## TASK OBJECTIVE
Beneath this instruction is a block of data; output from it exactly the lines that run from the one containing "a b \<Longrightarrow>" through the one containing "with step.prems obtain", inclusive.

(Dataset records)
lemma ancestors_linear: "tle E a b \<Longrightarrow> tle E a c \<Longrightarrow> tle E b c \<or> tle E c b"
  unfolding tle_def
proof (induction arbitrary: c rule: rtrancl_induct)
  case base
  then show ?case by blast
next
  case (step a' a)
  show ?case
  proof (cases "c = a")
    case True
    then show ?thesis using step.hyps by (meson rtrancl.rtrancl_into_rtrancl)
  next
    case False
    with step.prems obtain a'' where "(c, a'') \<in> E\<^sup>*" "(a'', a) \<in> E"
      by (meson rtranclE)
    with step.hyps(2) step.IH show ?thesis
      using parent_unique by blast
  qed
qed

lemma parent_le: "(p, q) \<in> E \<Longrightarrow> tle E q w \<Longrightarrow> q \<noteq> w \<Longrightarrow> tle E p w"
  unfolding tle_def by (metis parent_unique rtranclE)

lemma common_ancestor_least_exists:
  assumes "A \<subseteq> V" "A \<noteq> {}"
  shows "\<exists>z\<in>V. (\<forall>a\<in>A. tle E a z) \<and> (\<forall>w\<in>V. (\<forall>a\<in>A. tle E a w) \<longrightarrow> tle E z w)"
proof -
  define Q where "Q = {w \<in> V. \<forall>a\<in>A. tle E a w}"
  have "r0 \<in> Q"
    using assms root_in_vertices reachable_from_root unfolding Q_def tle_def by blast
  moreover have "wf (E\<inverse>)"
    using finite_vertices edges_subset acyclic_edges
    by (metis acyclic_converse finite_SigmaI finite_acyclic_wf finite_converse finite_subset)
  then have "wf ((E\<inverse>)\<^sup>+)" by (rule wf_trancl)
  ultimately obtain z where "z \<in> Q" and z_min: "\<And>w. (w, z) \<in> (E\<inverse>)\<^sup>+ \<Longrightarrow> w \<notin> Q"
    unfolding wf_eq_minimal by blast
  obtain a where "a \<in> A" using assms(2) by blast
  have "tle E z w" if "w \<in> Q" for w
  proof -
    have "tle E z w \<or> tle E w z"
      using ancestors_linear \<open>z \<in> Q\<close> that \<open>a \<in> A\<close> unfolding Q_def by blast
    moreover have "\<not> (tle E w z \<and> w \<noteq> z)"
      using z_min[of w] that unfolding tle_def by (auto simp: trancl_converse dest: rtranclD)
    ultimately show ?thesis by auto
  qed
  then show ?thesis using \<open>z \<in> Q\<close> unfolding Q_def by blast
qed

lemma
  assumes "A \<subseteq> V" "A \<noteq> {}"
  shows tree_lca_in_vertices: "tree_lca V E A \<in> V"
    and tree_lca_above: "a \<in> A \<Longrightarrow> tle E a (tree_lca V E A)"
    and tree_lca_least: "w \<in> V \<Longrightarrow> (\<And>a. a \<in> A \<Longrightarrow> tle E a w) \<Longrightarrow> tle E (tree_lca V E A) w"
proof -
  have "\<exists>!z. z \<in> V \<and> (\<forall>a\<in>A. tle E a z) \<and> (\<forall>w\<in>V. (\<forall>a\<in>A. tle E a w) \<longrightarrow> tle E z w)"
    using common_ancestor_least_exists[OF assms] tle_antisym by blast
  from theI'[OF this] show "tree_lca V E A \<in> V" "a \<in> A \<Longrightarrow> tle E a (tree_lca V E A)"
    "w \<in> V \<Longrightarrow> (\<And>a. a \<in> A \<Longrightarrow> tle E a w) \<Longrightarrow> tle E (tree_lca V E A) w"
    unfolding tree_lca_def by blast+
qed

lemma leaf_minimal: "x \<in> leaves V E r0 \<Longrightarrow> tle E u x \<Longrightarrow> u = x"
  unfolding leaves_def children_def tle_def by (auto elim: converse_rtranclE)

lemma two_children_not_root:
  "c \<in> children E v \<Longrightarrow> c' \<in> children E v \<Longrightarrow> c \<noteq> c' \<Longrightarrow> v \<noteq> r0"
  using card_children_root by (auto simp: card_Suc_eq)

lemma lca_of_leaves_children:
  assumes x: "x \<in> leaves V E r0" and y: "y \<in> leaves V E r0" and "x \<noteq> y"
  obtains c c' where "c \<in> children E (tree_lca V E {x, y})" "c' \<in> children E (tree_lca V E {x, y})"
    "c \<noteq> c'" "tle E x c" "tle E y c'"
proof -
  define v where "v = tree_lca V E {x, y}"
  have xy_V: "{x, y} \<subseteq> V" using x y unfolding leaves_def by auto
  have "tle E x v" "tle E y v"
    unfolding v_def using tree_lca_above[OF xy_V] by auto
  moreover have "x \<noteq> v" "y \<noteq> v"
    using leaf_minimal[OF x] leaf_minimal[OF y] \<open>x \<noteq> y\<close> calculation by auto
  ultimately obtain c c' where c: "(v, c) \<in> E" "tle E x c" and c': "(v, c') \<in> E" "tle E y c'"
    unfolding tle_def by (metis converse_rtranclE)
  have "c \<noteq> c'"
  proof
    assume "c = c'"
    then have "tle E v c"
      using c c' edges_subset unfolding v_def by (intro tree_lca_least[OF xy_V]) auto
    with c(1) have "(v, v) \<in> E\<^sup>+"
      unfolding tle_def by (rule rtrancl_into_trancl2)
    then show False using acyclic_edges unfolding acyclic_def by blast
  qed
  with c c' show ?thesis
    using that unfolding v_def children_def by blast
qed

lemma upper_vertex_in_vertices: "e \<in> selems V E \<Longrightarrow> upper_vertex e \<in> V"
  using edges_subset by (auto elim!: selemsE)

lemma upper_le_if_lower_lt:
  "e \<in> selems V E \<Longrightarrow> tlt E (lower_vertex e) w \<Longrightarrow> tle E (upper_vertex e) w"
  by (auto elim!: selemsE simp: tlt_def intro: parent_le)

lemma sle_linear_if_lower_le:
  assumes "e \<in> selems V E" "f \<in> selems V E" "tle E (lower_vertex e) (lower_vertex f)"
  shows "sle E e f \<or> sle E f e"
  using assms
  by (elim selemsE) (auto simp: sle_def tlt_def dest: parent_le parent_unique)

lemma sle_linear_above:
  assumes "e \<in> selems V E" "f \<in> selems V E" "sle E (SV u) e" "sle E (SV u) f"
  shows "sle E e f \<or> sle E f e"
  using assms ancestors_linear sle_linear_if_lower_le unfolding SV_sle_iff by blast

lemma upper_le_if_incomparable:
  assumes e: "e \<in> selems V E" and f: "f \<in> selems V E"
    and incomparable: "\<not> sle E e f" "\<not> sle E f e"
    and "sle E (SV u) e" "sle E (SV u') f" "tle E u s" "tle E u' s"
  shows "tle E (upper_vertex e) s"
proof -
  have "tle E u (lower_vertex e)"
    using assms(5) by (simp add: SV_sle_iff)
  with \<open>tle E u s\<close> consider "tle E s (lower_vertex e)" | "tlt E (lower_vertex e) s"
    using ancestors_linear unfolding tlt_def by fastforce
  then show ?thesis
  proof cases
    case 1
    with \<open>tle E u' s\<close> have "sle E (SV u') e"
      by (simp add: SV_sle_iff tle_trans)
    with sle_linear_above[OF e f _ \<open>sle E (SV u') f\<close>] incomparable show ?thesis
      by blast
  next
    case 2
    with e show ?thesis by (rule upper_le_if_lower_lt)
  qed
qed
...
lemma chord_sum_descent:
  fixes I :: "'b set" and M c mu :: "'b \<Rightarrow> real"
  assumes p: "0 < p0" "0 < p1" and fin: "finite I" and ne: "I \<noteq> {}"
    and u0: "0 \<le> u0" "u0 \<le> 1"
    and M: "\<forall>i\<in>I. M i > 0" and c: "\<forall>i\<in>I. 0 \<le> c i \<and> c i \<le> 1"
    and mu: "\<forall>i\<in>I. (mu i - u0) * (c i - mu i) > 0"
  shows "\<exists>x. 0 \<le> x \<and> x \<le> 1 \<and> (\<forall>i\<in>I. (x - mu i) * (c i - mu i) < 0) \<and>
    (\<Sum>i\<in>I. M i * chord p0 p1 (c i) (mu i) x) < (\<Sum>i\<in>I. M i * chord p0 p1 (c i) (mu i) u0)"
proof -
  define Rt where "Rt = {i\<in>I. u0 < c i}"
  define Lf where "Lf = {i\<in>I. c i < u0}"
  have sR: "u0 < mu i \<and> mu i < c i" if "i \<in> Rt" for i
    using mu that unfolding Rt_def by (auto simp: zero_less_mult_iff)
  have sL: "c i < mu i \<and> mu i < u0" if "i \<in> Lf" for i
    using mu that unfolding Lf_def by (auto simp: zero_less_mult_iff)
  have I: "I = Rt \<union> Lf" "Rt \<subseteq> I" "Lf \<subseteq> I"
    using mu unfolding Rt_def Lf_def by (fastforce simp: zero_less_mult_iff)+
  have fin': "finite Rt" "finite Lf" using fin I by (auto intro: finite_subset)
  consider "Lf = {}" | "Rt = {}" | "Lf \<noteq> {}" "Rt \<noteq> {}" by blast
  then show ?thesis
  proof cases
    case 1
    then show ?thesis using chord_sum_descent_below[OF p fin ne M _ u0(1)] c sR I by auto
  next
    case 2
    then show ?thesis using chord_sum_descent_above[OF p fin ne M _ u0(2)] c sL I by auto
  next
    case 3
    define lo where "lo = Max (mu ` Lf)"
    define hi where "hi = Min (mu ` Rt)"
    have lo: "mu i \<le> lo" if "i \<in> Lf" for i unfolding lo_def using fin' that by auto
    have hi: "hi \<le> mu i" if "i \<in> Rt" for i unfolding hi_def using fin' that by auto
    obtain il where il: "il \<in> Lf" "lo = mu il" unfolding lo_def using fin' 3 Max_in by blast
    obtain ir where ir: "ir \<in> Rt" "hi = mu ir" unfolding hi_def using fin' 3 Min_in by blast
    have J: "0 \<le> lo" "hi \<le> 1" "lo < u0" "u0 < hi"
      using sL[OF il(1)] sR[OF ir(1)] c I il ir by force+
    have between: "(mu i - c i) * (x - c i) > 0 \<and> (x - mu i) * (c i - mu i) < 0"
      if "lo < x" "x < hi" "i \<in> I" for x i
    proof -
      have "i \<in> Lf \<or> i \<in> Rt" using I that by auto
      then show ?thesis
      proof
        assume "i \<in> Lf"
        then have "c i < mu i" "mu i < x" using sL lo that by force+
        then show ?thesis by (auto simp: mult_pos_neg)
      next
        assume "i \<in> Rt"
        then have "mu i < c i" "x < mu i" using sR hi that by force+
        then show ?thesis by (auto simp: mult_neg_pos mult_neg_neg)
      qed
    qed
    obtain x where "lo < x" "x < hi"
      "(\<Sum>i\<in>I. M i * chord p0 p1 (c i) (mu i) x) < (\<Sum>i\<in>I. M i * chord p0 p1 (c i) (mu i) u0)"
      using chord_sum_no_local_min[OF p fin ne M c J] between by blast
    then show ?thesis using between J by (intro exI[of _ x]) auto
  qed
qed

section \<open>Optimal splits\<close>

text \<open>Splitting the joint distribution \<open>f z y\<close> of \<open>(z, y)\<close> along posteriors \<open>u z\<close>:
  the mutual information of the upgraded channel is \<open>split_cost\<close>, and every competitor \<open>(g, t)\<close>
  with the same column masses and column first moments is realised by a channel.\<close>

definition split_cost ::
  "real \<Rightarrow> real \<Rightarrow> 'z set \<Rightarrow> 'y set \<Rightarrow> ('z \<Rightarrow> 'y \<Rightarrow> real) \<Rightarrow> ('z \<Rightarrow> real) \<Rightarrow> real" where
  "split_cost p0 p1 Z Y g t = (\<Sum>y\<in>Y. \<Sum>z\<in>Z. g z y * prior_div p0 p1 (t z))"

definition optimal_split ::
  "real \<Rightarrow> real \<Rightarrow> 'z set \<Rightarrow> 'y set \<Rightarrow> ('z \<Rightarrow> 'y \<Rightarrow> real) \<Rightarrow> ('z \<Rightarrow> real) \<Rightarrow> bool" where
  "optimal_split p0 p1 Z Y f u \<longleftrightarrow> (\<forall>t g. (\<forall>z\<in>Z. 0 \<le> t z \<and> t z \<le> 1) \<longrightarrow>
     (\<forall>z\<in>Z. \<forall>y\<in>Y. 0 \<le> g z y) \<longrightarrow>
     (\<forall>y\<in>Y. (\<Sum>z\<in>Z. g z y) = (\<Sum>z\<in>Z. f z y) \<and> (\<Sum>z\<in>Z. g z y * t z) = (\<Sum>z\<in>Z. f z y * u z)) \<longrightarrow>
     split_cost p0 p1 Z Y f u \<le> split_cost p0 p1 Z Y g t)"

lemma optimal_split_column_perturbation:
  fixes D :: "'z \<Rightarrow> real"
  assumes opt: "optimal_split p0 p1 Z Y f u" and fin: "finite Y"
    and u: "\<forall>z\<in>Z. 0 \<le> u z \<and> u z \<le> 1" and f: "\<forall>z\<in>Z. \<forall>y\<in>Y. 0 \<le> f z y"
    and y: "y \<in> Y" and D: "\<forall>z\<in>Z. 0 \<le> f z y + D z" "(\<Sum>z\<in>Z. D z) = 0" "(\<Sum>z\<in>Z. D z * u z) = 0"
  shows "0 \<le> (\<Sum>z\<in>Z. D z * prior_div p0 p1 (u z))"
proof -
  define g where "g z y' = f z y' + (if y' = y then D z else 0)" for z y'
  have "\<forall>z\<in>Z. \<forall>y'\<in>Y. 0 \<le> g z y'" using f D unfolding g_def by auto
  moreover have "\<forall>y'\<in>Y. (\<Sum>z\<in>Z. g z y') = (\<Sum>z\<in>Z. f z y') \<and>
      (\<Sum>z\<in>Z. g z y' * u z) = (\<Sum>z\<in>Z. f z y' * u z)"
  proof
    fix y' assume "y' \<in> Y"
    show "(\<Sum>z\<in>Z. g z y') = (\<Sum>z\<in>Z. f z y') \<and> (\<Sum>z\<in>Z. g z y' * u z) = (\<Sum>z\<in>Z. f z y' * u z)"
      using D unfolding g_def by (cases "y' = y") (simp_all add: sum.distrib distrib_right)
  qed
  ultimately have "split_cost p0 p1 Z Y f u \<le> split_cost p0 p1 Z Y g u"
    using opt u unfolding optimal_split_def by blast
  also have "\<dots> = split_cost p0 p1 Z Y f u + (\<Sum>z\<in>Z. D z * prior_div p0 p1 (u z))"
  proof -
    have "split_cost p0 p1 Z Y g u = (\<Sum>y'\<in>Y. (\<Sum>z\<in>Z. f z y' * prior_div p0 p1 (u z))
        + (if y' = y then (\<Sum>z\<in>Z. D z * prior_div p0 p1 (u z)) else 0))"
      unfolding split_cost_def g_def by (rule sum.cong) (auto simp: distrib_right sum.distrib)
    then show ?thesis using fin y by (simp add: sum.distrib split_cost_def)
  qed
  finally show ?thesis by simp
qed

## EXERCISE OUTPUT
lemma ancestors_linear: "tle E a b \<Longrightarrow> tle E a c \<Longrightarrow> tle E b c \<or> tle E c b"
  unfolding tle_def
proof (induction arbitrary: c rule: rtrancl_induct)
  case base
  then show ?case by blast
next
  case (step a' a)
  show ?case
  proof (cases "c = a")
    case True
    then show ?thesis using step.hyps by (meson rtrancl.rtrancl_into_rtrancl)
  next
    case False
    with step.prems obtain a'' where "(c, a'') \<in> E\<^sup>*" "(a'', a) \<in> E"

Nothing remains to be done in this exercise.